The European Union has seen dramatic growth in the availability of fourth-generation mobile broadband - LTE - and in fast broadband, according to the European Commission's latest Digital Agenda Scoreboard 2015.
The EC says that 4G mobile broadband is now available to 79.4 percent of households, up from 27 percent two years ago. (It's available but that doesn't necessarily mean they use it.) The graph above shows that the Czech Republic (CZ), Malta (MT) and Bulgaria (BG) enjoyed the most spectacular growth, the last two having started from zero.
Fast broadband - at least 30Mbps - is now available to 68.1 percent of EU homes. The EC calls this Next Generation Access (NGA) broadband. NGA coverage in rural areas increased from 18.1 percent in 2013 to 25.1 percent today. However, less than a third of EU internet users actually subscribe to an NGA service.
IHS, which supplied much of the research, says that "the growth in overall NGA coverage can be primarily attributed to an increase in very-high-bit-rate digital subscriber line (VDSL) coverage, which grew by over seven percentage points in the year, reaching 37.6 percent of EU households by the end of 2014."
It's quicker and, in the short term, cheaper to provide Fibre-to-the-Cabinet (FTTC) and then link to premises using VDSL over copper than to install Fibre-to-the-Premises (FTTP).
However, IHS says that FTTP "also increased, with services available to 18.7 percent of European households", led by the Baltic countries. In 2014, FTTP was available to "nearly 95 percent of households in Lithuania and 83.2 percent of households in Latvia".

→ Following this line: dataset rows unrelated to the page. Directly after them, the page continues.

lemma exists_min_norm_in_level_set:
  fixes f :: "'a::{real_inner,complete_space} \<Rightarrow> real"
  assumes f: "bounded_linear f" and "f a = 1"
  shows "\<exists>z. f z = 1 \<and> (\<forall>x. f x = 1 \<longrightarrow> norm z \<le> norm x)"
proof -
  interpret f: bounded_linear f by (rule f)
  define d where "d = Inf ((\<lambda>x. (norm x)\<^sup>2) ` {x. f x = 1})"
  have bdd: "bdd_below ((\<lambda>x. (norm x)\<^sup>2) ` {x. f x = 1})"
    by (rule bdd_belowI[of _ 0]) auto
  have d_le: "d \<le> (norm x)\<^sup>2" if "f x = 1" for x
    unfolding d_def using bdd that by (simp add: cInf_lower)
  have "\<exists>x. f x = 1 \<and> (norm x)\<^sup>2 < d + 1 / Suc n" for n
  proof -
    have "Inf ((\<lambda>x. (norm x)\<^sup>2) ` {x. f x = 1}) < d + 1 / Suc n"
      unfolding d_def by simp
    then obtain v where "v \<in> (\<lambda>x. (norm x)\<^sup>2) ` {x. f x = 1}" "v < d + 1 / Suc n"
      using cInf_lessD[of "(\<lambda>x. (norm x)\<^sup>2) ` {x. f x = 1}"] \<open>f a = 1\<close> by blast
    then show ?thesis
      by auto
  qed
  then obtain xs where xs: "\<And>n. f (xs n) = 1" "\<And>n. (norm (xs n))\<^sup>2 < d + 1 / Suc n"
    by metis
  have "Cauchy xs"
  proof (rule Cauchy_of_near_minimal_norms)
    show "d \<le> (norm ((1/2) *\<^sub>R (xs m + xs n)))\<^sup>2" for m n
      using xs(1)[of m] xs(1)[of n] by (intro d_le) (simp add: f.scaleR f.add)
    show "(norm (xs n))\<^sup>2 \<le> d + 1 / Suc n" for n
      using xs(2)[of n] by simp
  qed
  then obtain z where lim: "xs \<longlonglongrightarrow> z"
    using Cauchy_convergent_iff convergent_def by blast
  have "(\<lambda>n. f (xs n)) \<longlonglongrightarrow> f z"
    by (rule f.tendsto[OF lim])
  moreover have "(\<lambda>n. f (xs n)) = (\<lambda>n. 1)"
    using xs(1) by simp
  ultimately have "f z = 1"
    using LIMSEQ_unique tendsto_const by metis
  moreover have "(norm z)\<^sup>2 \<le> d"
  proof (rule tendsto_le[OF trivial_limit_sequentially])
    show "(\<lambda>n. (norm (xs n))\<^sup>2) \<longlonglongrightarrow> (norm z)\<^sup>2"
      by (intro tendsto_intros lim)
    show "(\<lambda>n. d + 1 / real (Suc n)) \<longlonglongrightarrow> d"
      using tendsto_add[OF tendsto_const LIMSEQ_Suc[OF lim_const_over_n], of d 1] by simp
    show "\<forall>\<^sub>F n in sequentially. (norm (xs n))\<^sup>2 \<le> d + 1 / real (Suc n)"
      using xs(2) less_imp_le by (intro always_eventually) blast
  qed
  ultimately show ?thesis
    using d_le order_trans power2_le_imp_le norm_ge_zero by metis
qed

The EC Scoreboard notes that "internet traffic per user (downloads and uploads) is much higher in the US than in Western Europe on both fixed networks (75GB vs 39GB per month) and mobile (1.8GB vs 0.8GB per month)".
It also notes that "EU telecom operator revenues have been declining since 2010 (from €246bn in 2010 to €230bn in 2014), while in the US they are still growing (from €220bn in 2010 to €266bn in 2014)".
It's interesting that, in Europe, fixed line users consume almost 50 times more bandwidth than mobile users, and 42x more bandwidth in the USA.
In the graph above, countries are identified by their ISO standard two-letter codes, except for Greece (EL) and the United Kingdom (UK). Most should be guessable except Croatia (HR for Hrvatska), Estonia (EE for Eesti), and possibly Spain (ES for Espana). Some less familiar codes include LV (Latvia), LT (Lithuania), SI (Slovenia) and SK (Slovak Republic).